In his previous reporting, Aboraya chronicled hospitals’ struggle to provide protective gear like face masks for health care workers. He says in 2021, most hospitals have gotten a handle on the problem, and some might even be stockpiling gloves, masks and other equipment. However, he says having the necessary protective equipment could be one factor contributing to a nursing shortage, given the worst-case scenario they just encountered. 

WMFE health reporter Abe Aboraya. Photo: WMFE

“When you talk about the (personal protective equipment) and having issues there, that is one of the things that really contributes to your staff feeling safe and feeling valued and feeling protected,” he says. “And when you have issues with supplies like that, it is going to translate into retention issues as well, for a hospital or for other health care facilities.”

Aboraya says the emotional toll their job takes on nurses has a huge impact on whether they stay in the field. 

“It’s a physically demanding job. It is an emotionally demanding job before there was a pandemic,” he says.  
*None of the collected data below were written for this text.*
lemma pos_semidef_cinner_le:
  assumes Q: "Q \<in> carrier_mat m m" "pos_semidef Q" and u: "u \<in> carrier_vec m" and v: "v \<in> carrier_vec m"
  shows "2 * Re (cinner u (Q *\<^sub>v v)) \<le> Re (cinner u (Q *\<^sub>v u)) + Re (cinner v (Q *\<^sub>v v))"
proof -
  have herm: "hermitian Q" using Q(2) by (simp add: pos_semidef_def)
  have "0 \<le> Re (cinner (u - v) (Q *\<^sub>v (u - v)))"
    using Q u v by (simp add: pos_semidef_def)
  also have "cinner (u - v) (Q *\<^sub>v (u - v))
      = cinner u (Q *\<^sub>v u) - cinner u (Q *\<^sub>v v) - cinner v (Q *\<^sub>v u) + cinner v (Q *\<^sub>v v)"
    using Q(1) u v by (simp add: mult_minus_distrib_mat_vec cinner_diff_left[of _ m] cinner_diff_right[of _ m])
  also have "cinner v (Q *\<^sub>v u) = cnj (cinner u (Q *\<^sub>v v))"
    by (rule hermitian_cinner_commute[OF Q(1) herm u v])
  finally show ?thesis by simp
qed

lemma loewner_ge_lyapunov_cinner:
  assumes J: "J \<in> carrier_mat m m" and Q: "Q \<in> carrier_mat m m" "hermitian Q"
    and lyap: "loewner_ge (Q * J + mat_adjoint J * Q) (2 \<cdot>\<^sub>m 1\<^sub>m m)" and w: "w \<in> carrier_vec m"
  shows "(cvnorm w)\<^sup>2 \<le> Re (cinner w (Q *\<^sub>v (J *\<^sub>v w)))"
proof -
  have JH: "mat_adjoint J \<in> carrier_mat m m"
    using J unfolding mat_adjoint_def by auto
  have "0 \<le> Re (cinner w ((Q * J + mat_adjoint J * Q - 2 \<cdot>\<^sub>m 1\<^sub>m m) *\<^sub>v w))"
    using lyap w unfolding loewner_ge_def pos_semidef_def by simp
  also have "(Q * J + mat_adjoint J * Q - 2 \<cdot>\<^sub>m 1\<^sub>m m) *\<^sub>v w
      = Q *\<^sub>v (J *\<^sub>v w) + mat_adjoint J *\<^sub>v (Q *\<^sub>v w) - 2 \<cdot>\<^sub>v w"
    using J Q JH w
    by (simp add: minus_mult_distrib_mat_vec[of _ m m] add_mult_distrib_mat_vec[of _ m m]
        smult_mult_mat_vec[of _ m m])
  also have "cinner w (Q *\<^sub>v (J *\<^sub>v w) + mat_adjoint J *\<^sub>v (Q *\<^sub>v w) - 2 \<cdot>\<^sub>v w)
      = cinner w (Q *\<^sub>v (J *\<^sub>v w)) + cinner w (mat_adjoint J *\<^sub>v (Q *\<^sub>v w)) - 2 * cinner w w"
    using J Q JH w
    by (simp add: cinner_diff_right[of _ m] cinner_add_right[of _ m] cinner_smult_right)
  also have "cinner w (mat_adjoint J *\<^sub>v (Q *\<^sub>v w)) = cnj (cinner w (Q *\<^sub>v (J *\<^sub>v w)))"
    using cinner_mult_mat_vec_left[OF J w, of "Q *\<^sub>v w"] hermitian_cinner_commute[OF Q _ w, of "J *\<^sub>v w"]
      Q(1) J w by simp
  finally show ?thesis by (simp add: cinner_self)
qed
lemma joinable_if_same_\<phi>_low_W_deg:
  assumes "S_mono m y" "S_mono m z" "\<phi> y = \<phi> z" "W_deg m y \<le> w" "W_deg m z \<le> w" "D_contains_up_to w"
  shows "joinable D_step y z"
proof -
  obtain y' where y': "D_step\<^sup>*\<^sup>* y y'" "\<forall>w. \<not> C_step y' w" "\<phi> y' = \<phi> y" "S_mono m y'"
    using C_normal_form_by_D_steps[OF assms(1,4,6)] by blast
  obtain z' where z': "D_step\<^sup>*\<^sup>* z z'" "\<forall>w. \<not> C_step z' w" "\<phi> z' = \<phi> z" "S_mono m z'"
    using C_normal_form_by_D_steps[OF assms(2,5,6)] by blast
  have "y' = z'"
    using C_normal_forms_unique[OF y'(4) z'(4)] y'(2,3) z'(2,3) assms(3) by simp
  then show ?thesis
    unfolding joinable_def using y'(1) z'(1) by blast
qed

lemma critical_pair_joinable_low_W_deg:
  assumes p1: "(\<mu>1, \<nu>1) \<in> gen_pairs m a b D" and p2: "(\<mu>2, \<nu>2) \<in> gen_pairs m a b D"
    and "W_deg m \<mu>2 - W_deg m \<mu>1 \<le> w" "W_deg m \<mu>1 - W_deg m \<mu>2 \<le> w" "D_contains_up_to w"
  shows "joinable D_step (mono_lcm \<mu>1 \<mu>2 - \<mu>1 + \<nu>1) (mono_lcm \<mu>1 \<mu>2 - \<mu>2 + \<nu>2)"
proof -
  let ?l = "mono_lcm \<mu>1 \<mu>2"
  have "(\<mu>1, \<nu>1) \<in> gen_pairs m a b C" "(\<mu>2, \<nu>2) \<in> gen_pairs m a b C"
    using p1 p2 gen_pairs_mono[OF D_sub] by blast+
  then have "\<phi> (?l - \<mu>1 + \<nu>1) = \<phi> ?l" "\<phi> (?l - \<mu>2 + \<nu>2) = \<phi> ?l"
    using \<phi>_add \<phi>_gen_pairs mono_lcm_minus_add by metis+
  moreover have "S_mono m (?l - \<mu>1 + \<nu>1)" "S_mono m (?l - \<mu>2 + \<nu>2)"
    using gen_pair_props(1,2)[OF p1 D_nonzero] gen_pair_props(1,2)[OF p2 D_nonzero]
    unfolding mono_lcm_def by (intro S_mono_add S_mono_diff; simp)+
  moreover have "W_deg m (?l - \<mu>1 + \<nu>1) = W_deg m \<mu>2 - W_deg m \<mu>1"
    "W_deg m (?l - \<mu>2 + \<nu>2) = W_deg m \<mu>1 - W_deg m \<mu>2"
    using gen_pair_props(5)[OF p1 D_nonzero] gen_pair_props(5)[OF p2 D_nonzero]
    unfolding mono_lcm_def W_deg_def by (simp_all add: lookup_add lookup_minus)
  ultimately show ?thesis
    using assms(3-5) by (intro joinable_if_same_\<phi>_low_W_deg) auto
qed

lemma Gamma0_Pc_critical_pair_step:
  assumes il: "1 \<le> l" "l < i" "i \<le> m" and "c \<in> D"
    and \<mu>A: "\<mu>A = Poly_Mapping.single (T l) (a l) + Xmon i"
    and \<nu>A: "\<nu>A = Poly_Mapping.single (T i) (a i) + Xmon l"
    and overlap: "\<not> (\<forall>v. Poly_Mapping.lookup \<mu>A v = 0 \<or> Poly_Mapping.lookup (Pc_lhs m a b c) v = 0)"
  shows "D_step (mono_lcm \<mu>A (Pc_lhs m a b c) - \<mu>A + \<nu>A)
    (mono_lcm \<mu>A (Pc_lhs m a b c) - Pc_lhs m a b c + Pc_rhs m a b c)"
proof -
  define c' where "c' = c(i := c i + 1, l := c l - 1)"
  define xA where "xA = mono_lcm \<mu>A (Pc_lhs m a b c) - \<mu>A + \<nu>A"
  obtain v where v: "Poly_Mapping.lookup \<mu>A v \<noteq> 0" "Poly_Mapping.lookup (Pc_lhs m a b c) v \<noteq> 0"
    using overlap by blast
  then have "v = T l"
    using il unfolding \<mu>A by (auto simp: lookup_add lookup_single when_def lookup_Pc_lhs split: if_splits)
  then have lower: "vabs m c * b l < c l * a l"
    using v(2) il by (simp add: lookup_Pc_lhs)
  then have "c l \<noteq> 0"
    by (cases "c l") auto
  have "c \<in> C" "in_Nm m c" "vabs m c \<ge> 2"
    using \<open>c \<in> D\<close> D_sub C_sub by auto
  then have "c' \<in> C"
    using C_closed exponent_shift[where c = c, OF il \<open>c l \<noteq> 0\<close>] unfolding c'_def by auto
  then have "c' \<in> D"
    using D_closed \<open>c \<in> D\<close> tau'_less_exponent_shift[where c = c, OF il \<open>c l \<noteq> 0\<close>] unfolding c'_def by blast
  then have "(Pc_lhs m a b c', Pc_rhs m a b c') \<in> gen_pairs m a b D"
    unfolding gen_pairs_def by blast
  moreover have "S_mono m (xA - Pc_lhs m a b c')"
  proof -
    have "(Pc_lhs m a b c, Pc_rhs m a b c) \<in> gen_pairs m a b D"
      using \<open>c \<in> D\<close> unfolding gen_pairs_def by blast
    moreover have "S_mono m \<mu>A" "S_mono m \<nu>A"
      unfolding \<mu>A \<nu>A using il by (auto intro!: S_mono_add S_mono_single_T S_mono_single_X)
    ultimately show ?thesis
      unfolding xA_def mono_lcm_def using gen_pair_props(1)[OF _ D_nonzero]
      by (intro S_mono_diff S_mono_add) auto
  qed
  ultimately show ?thesis
    using mono_stepI Gamma0_Pc_overlap_reduces[where a = a and b = b and c = c, OF il \<mu>A \<nu>A lower] unfolding c'_def xA_def by metis
qed

lemma Gamma0_Pc_critical_pair_joinable:
  assumes p1: "(\<mu>1, \<nu>1) \<in> gen_pairs m a b D" and p2: "(\<mu>2, \<nu>2) \<in> gen_pairs m a b D"
    and "W_deg m \<mu>1 = 0" "W_deg m \<mu>2 \<ge> 2"
    and "\<not> (\<forall>v. Poly_Mapping.lookup \<mu>1 v = 0 \<or> Poly_Mapping.lookup \<mu>2 v = 0)"
  shows "joinable D_step (mono_lcm \<mu>1 \<mu>2 - \<mu>1 + \<nu>1) (mono_lcm \<mu>1 \<mu>2 - \<mu>2 + \<nu>2)"
proof -
  have "\<forall>c\<in>D. vabs m c \<ge> 2"
    using C_sub D_sub by blast
  then obtain i l where "1 \<le> l" "l < i" "i \<le> m"
    "\<mu>1 = Poly_Mapping.single (T l) (a l) + Xmon i" "\<nu>1 = Poly_Mapping.single (T i) (a i) + Xmon l"
    using gen_pair_W_deg_0[OF p1 _ assms(3)] by blast
  moreover obtain c where "c \<in> D" "\<mu>2 = Pc_lhs m a b c" "\<nu>2 = Pc_rhs m a b c"
    using gen_pair_W_deg_ge_2[OF p2 assms(4)] by blast
  ultimately show ?thesis
    using Gamma0_Pc_critical_pair_step assms(5) r_into_joinable by metis
qed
“It has a moral injury component to it as well, where you’re dealing with all of this, but you feel kind of helpless, because all of the things that the broader country could be doing to maybe lessen some of the problems hasn’t been happening. So the burnout problem is only going to get worse, and COVID-19 has definitely exacerbated that.” 

He says the demand for recent graduates and other nurses is still high, and notes the strategies that have been implemented so far. But he says it’s going to be a while before the shortage will stabilize. 

“Getting enough people excited to come into nursing, that problem is not going to be fixed with sort of the short-term Band-Aids that we’re seeing right now.”